__WHAT THE TASK ASKS__. Starting at the line that has "by (simp add: measurable_completion" and stopping after the line that has "then obtain r", reproduce the listing below exactly; omit everything else.

···

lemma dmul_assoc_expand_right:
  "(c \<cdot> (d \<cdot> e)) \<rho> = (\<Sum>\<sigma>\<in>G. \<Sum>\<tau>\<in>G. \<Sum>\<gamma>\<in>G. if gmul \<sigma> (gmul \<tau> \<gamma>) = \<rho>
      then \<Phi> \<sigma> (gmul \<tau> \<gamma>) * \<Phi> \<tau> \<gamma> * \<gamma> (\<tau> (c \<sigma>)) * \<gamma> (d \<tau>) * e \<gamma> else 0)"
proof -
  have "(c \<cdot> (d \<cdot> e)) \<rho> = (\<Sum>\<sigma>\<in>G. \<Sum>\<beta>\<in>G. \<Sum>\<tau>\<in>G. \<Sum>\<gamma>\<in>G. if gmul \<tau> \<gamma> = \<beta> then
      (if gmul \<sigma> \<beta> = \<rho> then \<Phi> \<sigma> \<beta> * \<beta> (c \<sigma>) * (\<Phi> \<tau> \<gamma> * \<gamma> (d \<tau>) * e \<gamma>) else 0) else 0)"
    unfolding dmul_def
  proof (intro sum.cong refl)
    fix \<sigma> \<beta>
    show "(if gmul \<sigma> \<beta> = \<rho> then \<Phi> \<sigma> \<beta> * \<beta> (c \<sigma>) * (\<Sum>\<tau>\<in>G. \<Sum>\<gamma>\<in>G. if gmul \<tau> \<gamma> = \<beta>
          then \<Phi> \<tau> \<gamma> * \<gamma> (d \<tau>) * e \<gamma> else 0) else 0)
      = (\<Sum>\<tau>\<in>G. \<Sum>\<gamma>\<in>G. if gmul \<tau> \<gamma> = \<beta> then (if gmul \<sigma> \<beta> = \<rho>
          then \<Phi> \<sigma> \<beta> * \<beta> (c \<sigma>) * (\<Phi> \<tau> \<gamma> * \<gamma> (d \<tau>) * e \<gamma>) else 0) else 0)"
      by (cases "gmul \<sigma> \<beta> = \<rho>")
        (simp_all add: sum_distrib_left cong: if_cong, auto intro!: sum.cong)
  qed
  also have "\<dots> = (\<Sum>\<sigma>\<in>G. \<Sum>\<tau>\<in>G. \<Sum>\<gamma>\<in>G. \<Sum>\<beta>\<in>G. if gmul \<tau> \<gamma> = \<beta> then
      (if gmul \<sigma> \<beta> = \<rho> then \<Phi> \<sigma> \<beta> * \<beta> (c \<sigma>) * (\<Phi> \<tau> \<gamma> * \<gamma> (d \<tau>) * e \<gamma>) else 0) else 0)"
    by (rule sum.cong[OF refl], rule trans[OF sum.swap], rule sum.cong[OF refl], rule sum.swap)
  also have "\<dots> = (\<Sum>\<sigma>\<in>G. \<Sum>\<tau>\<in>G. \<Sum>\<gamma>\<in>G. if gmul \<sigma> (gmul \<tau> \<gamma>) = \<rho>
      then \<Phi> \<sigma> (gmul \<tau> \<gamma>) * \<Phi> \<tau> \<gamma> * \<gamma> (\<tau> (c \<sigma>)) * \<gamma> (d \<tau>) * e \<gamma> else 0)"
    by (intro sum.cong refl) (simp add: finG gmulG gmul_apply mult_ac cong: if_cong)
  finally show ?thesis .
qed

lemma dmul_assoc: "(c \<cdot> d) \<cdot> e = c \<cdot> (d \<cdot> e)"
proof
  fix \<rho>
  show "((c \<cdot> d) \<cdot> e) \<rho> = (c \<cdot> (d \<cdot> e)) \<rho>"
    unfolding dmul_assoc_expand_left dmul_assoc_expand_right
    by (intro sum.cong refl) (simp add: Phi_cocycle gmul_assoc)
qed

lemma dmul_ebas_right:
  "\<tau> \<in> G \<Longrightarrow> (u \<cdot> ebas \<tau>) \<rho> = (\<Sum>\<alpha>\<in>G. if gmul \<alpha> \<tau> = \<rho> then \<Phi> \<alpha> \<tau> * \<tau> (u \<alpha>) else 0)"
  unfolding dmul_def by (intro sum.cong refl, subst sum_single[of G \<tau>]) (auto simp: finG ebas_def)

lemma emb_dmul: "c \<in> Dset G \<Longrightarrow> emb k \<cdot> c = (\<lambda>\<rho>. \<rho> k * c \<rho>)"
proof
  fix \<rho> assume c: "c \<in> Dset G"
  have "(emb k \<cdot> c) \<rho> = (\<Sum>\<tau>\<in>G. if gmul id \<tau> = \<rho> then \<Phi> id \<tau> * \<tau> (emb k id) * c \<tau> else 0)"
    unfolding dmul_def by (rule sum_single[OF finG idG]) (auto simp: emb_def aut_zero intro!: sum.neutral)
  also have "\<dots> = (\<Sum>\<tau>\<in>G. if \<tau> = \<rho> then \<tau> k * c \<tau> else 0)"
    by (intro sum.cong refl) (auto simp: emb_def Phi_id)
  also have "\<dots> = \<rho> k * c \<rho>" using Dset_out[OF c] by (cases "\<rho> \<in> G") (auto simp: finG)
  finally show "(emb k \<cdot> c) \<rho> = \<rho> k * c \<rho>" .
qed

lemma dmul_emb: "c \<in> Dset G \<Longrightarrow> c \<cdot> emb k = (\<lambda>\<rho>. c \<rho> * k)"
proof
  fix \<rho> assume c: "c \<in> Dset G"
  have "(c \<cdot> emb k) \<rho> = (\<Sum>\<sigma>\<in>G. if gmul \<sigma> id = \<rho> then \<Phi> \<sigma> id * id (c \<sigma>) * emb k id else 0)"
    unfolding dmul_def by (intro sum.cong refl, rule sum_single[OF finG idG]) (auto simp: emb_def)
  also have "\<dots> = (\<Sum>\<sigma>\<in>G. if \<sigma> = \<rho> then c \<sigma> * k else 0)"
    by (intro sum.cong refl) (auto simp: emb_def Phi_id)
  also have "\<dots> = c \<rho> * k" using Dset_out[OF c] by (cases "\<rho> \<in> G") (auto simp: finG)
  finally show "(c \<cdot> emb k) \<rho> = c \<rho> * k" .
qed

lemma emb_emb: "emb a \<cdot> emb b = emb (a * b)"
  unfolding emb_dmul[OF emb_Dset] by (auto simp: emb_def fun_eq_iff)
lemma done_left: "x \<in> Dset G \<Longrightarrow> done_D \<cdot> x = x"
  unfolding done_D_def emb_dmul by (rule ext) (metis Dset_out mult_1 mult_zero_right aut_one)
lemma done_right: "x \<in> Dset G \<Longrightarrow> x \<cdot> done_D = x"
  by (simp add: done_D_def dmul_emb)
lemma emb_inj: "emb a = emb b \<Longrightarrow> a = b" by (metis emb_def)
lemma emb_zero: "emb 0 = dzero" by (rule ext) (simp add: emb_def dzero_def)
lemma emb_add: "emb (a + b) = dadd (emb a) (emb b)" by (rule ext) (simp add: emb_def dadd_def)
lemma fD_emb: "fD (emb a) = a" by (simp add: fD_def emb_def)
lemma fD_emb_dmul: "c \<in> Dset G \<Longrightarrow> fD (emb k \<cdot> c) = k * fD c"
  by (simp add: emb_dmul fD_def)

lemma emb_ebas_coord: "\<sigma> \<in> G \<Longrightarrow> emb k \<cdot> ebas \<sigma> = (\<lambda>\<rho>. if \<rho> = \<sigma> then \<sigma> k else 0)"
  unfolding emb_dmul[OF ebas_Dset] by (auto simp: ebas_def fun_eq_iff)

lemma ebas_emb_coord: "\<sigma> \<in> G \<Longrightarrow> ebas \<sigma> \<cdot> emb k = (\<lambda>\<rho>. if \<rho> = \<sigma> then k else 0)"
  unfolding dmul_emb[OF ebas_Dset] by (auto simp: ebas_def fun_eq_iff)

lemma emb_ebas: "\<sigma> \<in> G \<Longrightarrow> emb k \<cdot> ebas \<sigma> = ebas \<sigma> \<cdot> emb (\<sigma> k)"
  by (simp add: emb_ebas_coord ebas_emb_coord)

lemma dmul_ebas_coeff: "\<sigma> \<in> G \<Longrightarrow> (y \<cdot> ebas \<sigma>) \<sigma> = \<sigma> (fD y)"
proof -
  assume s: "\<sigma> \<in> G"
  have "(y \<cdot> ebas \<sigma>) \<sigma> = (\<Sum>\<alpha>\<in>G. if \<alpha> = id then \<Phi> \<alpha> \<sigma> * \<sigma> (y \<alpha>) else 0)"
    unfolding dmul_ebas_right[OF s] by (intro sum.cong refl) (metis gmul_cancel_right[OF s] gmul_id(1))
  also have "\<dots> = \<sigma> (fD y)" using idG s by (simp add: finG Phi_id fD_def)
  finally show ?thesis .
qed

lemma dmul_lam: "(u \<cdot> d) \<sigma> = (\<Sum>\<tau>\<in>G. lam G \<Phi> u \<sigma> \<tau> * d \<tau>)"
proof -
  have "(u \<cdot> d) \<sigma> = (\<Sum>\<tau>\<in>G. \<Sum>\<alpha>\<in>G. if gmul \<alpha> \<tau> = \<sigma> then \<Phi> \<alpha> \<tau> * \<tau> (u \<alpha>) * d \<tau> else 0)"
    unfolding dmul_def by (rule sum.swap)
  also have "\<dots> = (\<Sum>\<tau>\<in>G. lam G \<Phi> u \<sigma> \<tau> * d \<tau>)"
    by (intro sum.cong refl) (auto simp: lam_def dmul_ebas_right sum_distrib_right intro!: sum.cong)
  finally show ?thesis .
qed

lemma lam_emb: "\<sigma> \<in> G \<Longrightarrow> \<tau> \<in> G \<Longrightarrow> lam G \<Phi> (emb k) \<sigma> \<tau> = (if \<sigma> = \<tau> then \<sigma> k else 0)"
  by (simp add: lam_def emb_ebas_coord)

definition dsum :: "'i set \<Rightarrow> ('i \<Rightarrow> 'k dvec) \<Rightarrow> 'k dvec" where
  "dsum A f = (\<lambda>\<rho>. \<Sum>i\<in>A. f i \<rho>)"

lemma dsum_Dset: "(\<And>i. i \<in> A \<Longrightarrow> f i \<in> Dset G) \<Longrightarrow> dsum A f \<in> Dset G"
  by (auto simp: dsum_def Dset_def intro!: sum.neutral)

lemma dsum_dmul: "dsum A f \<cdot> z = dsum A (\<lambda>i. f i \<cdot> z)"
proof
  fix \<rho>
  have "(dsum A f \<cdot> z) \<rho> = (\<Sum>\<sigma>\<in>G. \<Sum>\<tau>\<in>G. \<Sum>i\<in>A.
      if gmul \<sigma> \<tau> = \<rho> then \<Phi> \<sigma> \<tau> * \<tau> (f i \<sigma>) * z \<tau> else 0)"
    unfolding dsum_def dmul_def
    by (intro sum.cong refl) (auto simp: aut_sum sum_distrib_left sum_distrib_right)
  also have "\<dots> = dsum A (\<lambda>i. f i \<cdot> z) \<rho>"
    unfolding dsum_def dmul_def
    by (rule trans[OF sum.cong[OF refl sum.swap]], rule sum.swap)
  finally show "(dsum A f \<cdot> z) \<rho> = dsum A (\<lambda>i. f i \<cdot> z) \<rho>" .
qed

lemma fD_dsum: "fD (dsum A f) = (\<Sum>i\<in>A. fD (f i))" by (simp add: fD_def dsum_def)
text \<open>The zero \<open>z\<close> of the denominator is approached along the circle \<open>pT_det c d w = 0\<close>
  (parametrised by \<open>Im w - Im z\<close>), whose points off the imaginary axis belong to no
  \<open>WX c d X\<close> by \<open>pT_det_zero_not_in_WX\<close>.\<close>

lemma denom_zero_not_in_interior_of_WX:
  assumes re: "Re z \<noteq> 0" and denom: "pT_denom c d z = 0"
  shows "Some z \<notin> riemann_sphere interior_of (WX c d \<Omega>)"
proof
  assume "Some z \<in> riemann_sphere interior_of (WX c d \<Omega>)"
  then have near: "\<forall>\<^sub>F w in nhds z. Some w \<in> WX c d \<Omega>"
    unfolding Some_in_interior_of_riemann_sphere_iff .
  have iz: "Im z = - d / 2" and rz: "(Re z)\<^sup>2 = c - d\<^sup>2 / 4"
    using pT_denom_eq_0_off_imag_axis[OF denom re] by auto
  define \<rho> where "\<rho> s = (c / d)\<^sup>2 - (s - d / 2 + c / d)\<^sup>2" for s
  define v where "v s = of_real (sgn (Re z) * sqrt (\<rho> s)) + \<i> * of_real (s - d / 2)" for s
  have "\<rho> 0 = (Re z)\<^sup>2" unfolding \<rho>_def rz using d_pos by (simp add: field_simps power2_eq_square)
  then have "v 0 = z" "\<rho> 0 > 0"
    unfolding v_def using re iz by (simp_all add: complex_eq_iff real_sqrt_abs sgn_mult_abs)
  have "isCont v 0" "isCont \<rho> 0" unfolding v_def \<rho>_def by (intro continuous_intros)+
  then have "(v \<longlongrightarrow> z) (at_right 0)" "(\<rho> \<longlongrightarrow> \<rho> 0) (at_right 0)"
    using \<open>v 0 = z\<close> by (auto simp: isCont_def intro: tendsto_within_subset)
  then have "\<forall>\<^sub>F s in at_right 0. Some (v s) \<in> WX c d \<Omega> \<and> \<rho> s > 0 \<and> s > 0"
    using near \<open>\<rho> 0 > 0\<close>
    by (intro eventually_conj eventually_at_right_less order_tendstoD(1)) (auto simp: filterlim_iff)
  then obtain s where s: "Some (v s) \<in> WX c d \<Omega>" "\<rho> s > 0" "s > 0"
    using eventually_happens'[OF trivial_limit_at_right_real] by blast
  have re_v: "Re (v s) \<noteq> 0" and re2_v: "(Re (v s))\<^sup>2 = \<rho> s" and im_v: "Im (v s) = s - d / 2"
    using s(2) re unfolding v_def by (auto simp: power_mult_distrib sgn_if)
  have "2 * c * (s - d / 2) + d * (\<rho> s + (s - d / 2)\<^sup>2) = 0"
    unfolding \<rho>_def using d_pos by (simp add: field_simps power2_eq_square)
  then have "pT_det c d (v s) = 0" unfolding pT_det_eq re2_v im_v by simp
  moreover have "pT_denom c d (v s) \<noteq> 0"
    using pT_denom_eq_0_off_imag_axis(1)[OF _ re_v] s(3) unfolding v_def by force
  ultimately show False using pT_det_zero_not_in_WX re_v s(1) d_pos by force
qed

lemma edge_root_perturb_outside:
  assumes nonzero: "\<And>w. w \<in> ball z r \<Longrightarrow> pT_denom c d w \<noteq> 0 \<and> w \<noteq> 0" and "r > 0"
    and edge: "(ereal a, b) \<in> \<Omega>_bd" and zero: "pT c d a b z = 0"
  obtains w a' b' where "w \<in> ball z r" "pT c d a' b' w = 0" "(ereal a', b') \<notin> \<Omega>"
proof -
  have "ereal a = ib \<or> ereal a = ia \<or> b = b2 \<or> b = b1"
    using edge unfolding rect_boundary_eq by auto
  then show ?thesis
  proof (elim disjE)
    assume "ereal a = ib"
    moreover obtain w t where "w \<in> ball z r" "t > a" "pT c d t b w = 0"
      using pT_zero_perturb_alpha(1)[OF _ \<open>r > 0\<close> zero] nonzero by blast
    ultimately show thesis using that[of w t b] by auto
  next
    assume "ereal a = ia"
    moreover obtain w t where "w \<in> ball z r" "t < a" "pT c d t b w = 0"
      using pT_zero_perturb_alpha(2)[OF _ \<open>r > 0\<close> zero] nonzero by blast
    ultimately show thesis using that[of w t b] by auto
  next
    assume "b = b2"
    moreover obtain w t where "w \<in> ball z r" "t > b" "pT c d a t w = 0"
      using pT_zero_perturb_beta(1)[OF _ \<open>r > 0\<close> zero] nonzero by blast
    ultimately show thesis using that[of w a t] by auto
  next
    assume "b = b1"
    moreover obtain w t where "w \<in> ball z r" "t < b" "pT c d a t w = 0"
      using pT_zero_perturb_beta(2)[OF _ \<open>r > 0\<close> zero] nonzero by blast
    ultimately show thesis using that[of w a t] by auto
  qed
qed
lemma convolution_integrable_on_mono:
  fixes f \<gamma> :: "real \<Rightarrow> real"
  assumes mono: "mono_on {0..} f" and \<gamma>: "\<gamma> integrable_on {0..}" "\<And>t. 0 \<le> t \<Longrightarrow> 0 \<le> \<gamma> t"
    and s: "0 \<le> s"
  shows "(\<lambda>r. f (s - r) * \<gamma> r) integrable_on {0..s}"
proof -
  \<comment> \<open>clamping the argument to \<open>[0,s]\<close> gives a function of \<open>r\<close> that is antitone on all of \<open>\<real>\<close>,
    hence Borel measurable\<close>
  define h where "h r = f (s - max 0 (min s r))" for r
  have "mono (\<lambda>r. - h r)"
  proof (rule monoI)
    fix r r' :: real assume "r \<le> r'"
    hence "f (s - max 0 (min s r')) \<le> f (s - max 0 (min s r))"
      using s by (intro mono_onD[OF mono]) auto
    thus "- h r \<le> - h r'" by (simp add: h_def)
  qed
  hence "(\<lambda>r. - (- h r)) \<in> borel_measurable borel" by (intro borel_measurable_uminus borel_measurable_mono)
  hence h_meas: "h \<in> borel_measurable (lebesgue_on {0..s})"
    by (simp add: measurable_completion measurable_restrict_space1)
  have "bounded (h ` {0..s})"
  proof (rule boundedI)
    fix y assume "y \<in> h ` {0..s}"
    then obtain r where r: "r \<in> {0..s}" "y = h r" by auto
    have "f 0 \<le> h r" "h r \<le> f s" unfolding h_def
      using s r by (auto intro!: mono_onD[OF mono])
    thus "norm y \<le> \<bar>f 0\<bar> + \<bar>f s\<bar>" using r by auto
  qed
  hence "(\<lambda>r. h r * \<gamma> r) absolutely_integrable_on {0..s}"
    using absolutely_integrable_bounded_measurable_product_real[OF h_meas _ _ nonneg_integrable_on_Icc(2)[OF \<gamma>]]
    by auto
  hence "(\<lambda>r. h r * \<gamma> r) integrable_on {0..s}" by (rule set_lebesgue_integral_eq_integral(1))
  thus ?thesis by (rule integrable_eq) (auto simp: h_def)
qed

···

__WRITTEN ANSWER__.
    by (simp add: measurable_completion measurable_restrict_space1)
  have "bounded (h ` {0..s})"
  proof (rule boundedI)
    fix y assume "y \<in> h ` {0..s}"
    then obtain r where r: "r \<in> {0..s}" "y = h r" by auto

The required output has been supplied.